::: DATA SUPPLIED :::
(* For an integer $n\geq 1$ and non-negative integers $j_1,\ldots,j_n$ with $j_1,j_n\geq 1$, \[\sum_{k=0}^n(-1)^k\,\zeta^{1/2}(2j_1+1,\ldots,2j_k+1)\,\zeta^{1/2}(2j_n+1,2j_{n-1}+1,\ldots,2j_{k+1}+1)=0,\] where $\zeta^{1/2}$ of the empty index is $1$.
   Context: For integers $k_1\geq 2$, $k_2,\ldots,k_n\geq 1$, $\zeta(k_1,\ldots,k_n)=\sum_{m_1>\cdots>m_n>0}m_1^{-k_1}\cdots m_n^{-k_n}$. Let $\mathbf{p}$ run over all indices of the form $(k_1\square k_2\square\cdots\square k_n)$ where each $\square$ is a comma or a plus sign, and $\sigma(\mathbf{p})$ the number of plus signs; define $\zeta^t(k_1,\ldots,k_n)=\sum_{\mathbf{p}}t^{\sigma(\mathbf{p})}\zeta(\mathbf{p})$ and $\zeta^{1/2}$ its value at $t=1/2$. *)

theory Defs
  imports "HOL-Analysis.Analysis"
begin

text \<open>For the empty index the sum is over the singleton set containing the empty list, giving 1.\<close>

definition mzv_range :: "nat list \<Rightarrow> nat list set" where
  "mzv_range ks = {ms. length ms = length ks \<and> sorted_wrt (>) ms \<and> (\<forall>m\<in>set ms. 0 < m)}"

definition mzv :: "nat list \<Rightarrow> real" where
  "mzv ks = (\<Sum>\<^sub>\<infinity> ms \<in> mzv_range ks.
              prod_list (map2 (\<lambda>m k. 1 / (real m ^ k)) ms ks))"

text \<open>All indices obtained from (k_1 [] k_2 [] ... [] k_n) by choosing each box to be a comma
  or a plus sign, paired with the number of plus signs used.\<close>

fun merges :: "nat list \<Rightarrow> (nat list \<times> nat) list" where
  "merges [] = [([], 0)]"
| "merges [k] = [([k], 0)]"
| "merges (k # l # rest) =
     map (\<lambda>(p, s). (k # p, s)) (merges (l # rest)) @
     map (\<lambda>(p, s). (case p of [] \<Rightarrow> ([k], s + 1) | h # q \<Rightarrow> ((k + h) # q, s + 1)))
         (merges (l # rest))"
lemma q_integral_imp_int_valued:
  fixes P :: "'a::field_char_0 poly"
  assumes P: "q_integral w P"
  shows "int_valued (smult (of_nat (q_prod w)) P)"
  unfolding int_valued_def
proof
  fix z :: int
  have summand: "of_nat (q_prod w) * (newton_coeff P j * poly (binomial_poly j) (of_int z)) \<in> \<int>"
    if "j \<le> w" for j
  proof -
    obtain r where r: "q_prod w = q_prod (w - j) * r"
      using q_prod_dvd_mono [of "w - j" w] by (rule dvdE) simp
    have coeff: "of_nat (q_prod (w - j)) * newton_coeff P j \<in> \<int>"
      using P by (simp add: q_integral_def)
    have "of_nat (q_prod w) * (newton_coeff P j * poly (binomial_poly j) (of_int z))
        = of_nat r * (of_nat (q_prod (w - j)) * newton_coeff P j) * (of_int z gchoose j)"
      unfolding r poly_binomial_poly of_nat_mult by (simp only: ac_simps)
    also have "\<dots> \<in> \<int>"
      by (rule Ints_mult [OF Ints_mult [OF Ints_of_nat coeff] gbinomial_of_int_in_Ints])
    finally show ?thesis .
  qed
  have "P = (\<Sum>j\<le>w. smult (newton_coeff P j) (binomial_poly j))"
    using P by (intro newton_expansion) (simp add: q_integral_def)
  from arg_cong [OF this, of "\<lambda>X. poly (smult (of_nat (q_prod w)) X) (of_int z)"]
  have "poly (smult (of_nat (q_prod w)) P) (of_int z)
      = (\<Sum>j\<le>w. of_nat (q_prod w) * (newton_coeff P j * poly (binomial_poly j) (of_int z)))"
    by (simp add: poly_sum sum_distrib_left)
  also have "\<dots> \<in> \<int>"
    using summand by (intro Ints_sum) simp
  finally show "poly (smult (of_nat (q_prod w)) P) (of_int z) \<in> \<int>" .
qed

lemma admissible_q_prod: "admissible n (q_prod n)"
  unfolding admissible_def
proof (intro ballI allI)
  fix P k
  assume "P \<in> E n"
  then have "q_integral n P"
    by (simp add: E_iff int_valued_imp_q_integral)
  then have "q_integral n ((pderiv ^^ k) P)"
    by (induction k) (simp_all add: q_integral_pderiv)
  then show "smult (of_nat (q_prod n)) ((pderiv ^^ k) P) \<in> E n"
    by (auto simp: E_iff q_integral_def q_integral_imp_int_valued
        intro: order_trans [OF degree_smult_le])
qed

section \<open>The lower bound\<close>

lemma poly_higher_pderiv_0: "poly ((pderiv ^^ k) P) 0 = fact k * coeff P k"
  by (simp add: poly_0_coeff_0 coeff_higher_pderiv pochhammer_fact)

lemma dvd_mult_diff_mult:
  fixes d :: "'a::comm_ring_1"
  assumes "d dvd a - b" and "d dvd c - e"
  shows "d dvd a * c - b * e"
proof -
  have "a * c - b * e = a * (c - e) + (a - b) * e"
    by (simp add: algebra_simps)
  then show ?thesis
    using assms by simp
qed

lemma dvd_prod_diff_prod:
  fixes d :: "'a::comm_ring_1"
  assumes "\<And>i. i \<in> A \<Longrightarrow> d dvd f i - g i"
  shows "d dvd prod f A - prod g A"
  using assms
  by (induction A rule: infinite_finite_induct) (simp_all add: dvd_mult_diff_mult)

lemma const_dvd_falling_poly_mult_diff_power:
  "[:of_nat p:] dvd falling_poly (p * m) - (falling_poly p ^ m :: 'a::comm_ring_1 poly)"
proof (induction m)
  case (Suc m)
  have "[:of_nat p:] dvd [:- of_nat (p * m + r), 1:] - [:- of_nat r :: 'a, 1:]" for r
  proof -
    have "[:- of_nat (p * m + r), 1:] - [:- of_nat r, 1:] = [:of_nat p:] * [:- of_nat m :: 'a:]"
      by simp
    then show ?thesis
      by (metis dvd_triv_left)
  qed
  then have factor:
      "[:of_nat p:] dvd (\<Prod>r<p. [:- of_nat (p * m + r), 1:]) - (falling_poly p :: 'a poly)"
    unfolding falling_poly_def by (rule dvd_prod_diff_prod)
  have split:
      "falling_poly (p * Suc m) = falling_poly (p * m) * (\<Prod>r<p. [:- of_nat (p * m + r), 1:])"
    using falling_poly_add [of "p * m" p] by (simp add: add.commute)
  show ?case
    unfolding split power_Suc2 by (rule dvd_mult_diff_mult [OF Suc.IH factor])
qed (simp add: falling_poly_def)

lemma coeff_power_eq_coeff_1_power:
  fixes P :: "'a::comm_semiring_1 poly"
  assumes "coeff P 0 = 0"
  shows "coeff (P ^ m) m = coeff P 1 ^ m"
proof -
  obtain Q where Q: "P = pCons 0 Q"
    using assms by (cases P) simp
  have "P = monom 1 1 * Q"
    by (simp add: Q monom_Suc)
  then have "P ^ m = monom 1 m * Q ^ m"
    by (simp add: monom_power power_mult_distrib)
  then show ?thesis
    by (simp add: Q coeff_monom_mult coeff_0_power)
qed

lemma not_prime_dvd_coeff_falling_poly:
  assumes "prime p"
  shows "\<not> int p dvd coeff (falling_poly (p * m)) m"
proof
  obtain k where k: "p = Suc k"
    using prime_gt_0_nat [OF assms] gr0_implies_Suc by blast
  have "coeff (falling_poly (Suc k) :: int poly) 0 = 0"
    by (auto simp: falling_poly_def poly_0_coeff_0 [symmetric] poly_prod)
  then have "coeff (falling_poly (Suc k) ^ m :: int poly) m = coeff (falling_poly (Suc k)) 1 ^ m"
    by (rule coeff_power_eq_coeff_1_power)
  also have "\<dots> = ((-1) ^ k * fact k) ^ m"
    by (simp only: coeff_falling_poly_Suc_1 of_nat_fact)
  finally have top: "coeff (falling_poly p ^ m :: int poly) m = ((-1) ^ k * fact k) ^ m"
    by (simp only: k)
  assume "int p dvd coeff (falling_poly (p * m)) m"
  moreover have "int p dvd coeff (falling_poly (p * m)) m - coeff (falling_poly p ^ m) m"
    using const_dvd_falling_poly_mult_diff_power [of p m, where 'a = int]
    by (simp add: const_poly_dvd_iff)
  ultimately have "int p dvd coeff (falling_poly (p * m)) m
      - (coeff (falling_poly (p * m)) m - coeff (falling_poly p ^ m) m)"
    by (rule dvd_diff)
  then have "int p dvd ((-1) ^ k * fact k) ^ m"
    by (simp add: top)
  then have "int p dvd (-1) ^ k * fact k"
    using prime_dvd_power [of "int p" _ m] assms by simp
  then have "int p dvd \<bar>(-1) ^ k * fact k\<bar>"
    by (simp only: dvd_abs_iff)
  then have "int p dvd int (fact k)"
    by (simp add: abs_mult)
  then have "p dvd fact k"
    by (simp only: int_dvd_int_iff)
  then show False
    using assms k by (simp add: prime_dvd_fact_iff)
qed

lemma fact_add_eq_fact_mult_prod: "fact (a + b) = (fact a :: nat) * (\<Prod>i<b. a + Suc i)"
  by (induction b) (simp_all add: algebra_simps)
:::
• **PROBLEM STATEMENT**
Look through the records and gather every line containing "assms".

• **RESPONSE TO THIS EXERCISE**
    using assms by simp
  using assms
    using assms by (cases P) simp
    using prime_gt_0_nat [OF assms] gr0_implies_Suc by blast
    using prime_dvd_power [of "int p" _ m] assms by simp
    using assms k by (simp add: prime_dvd_fact_iff)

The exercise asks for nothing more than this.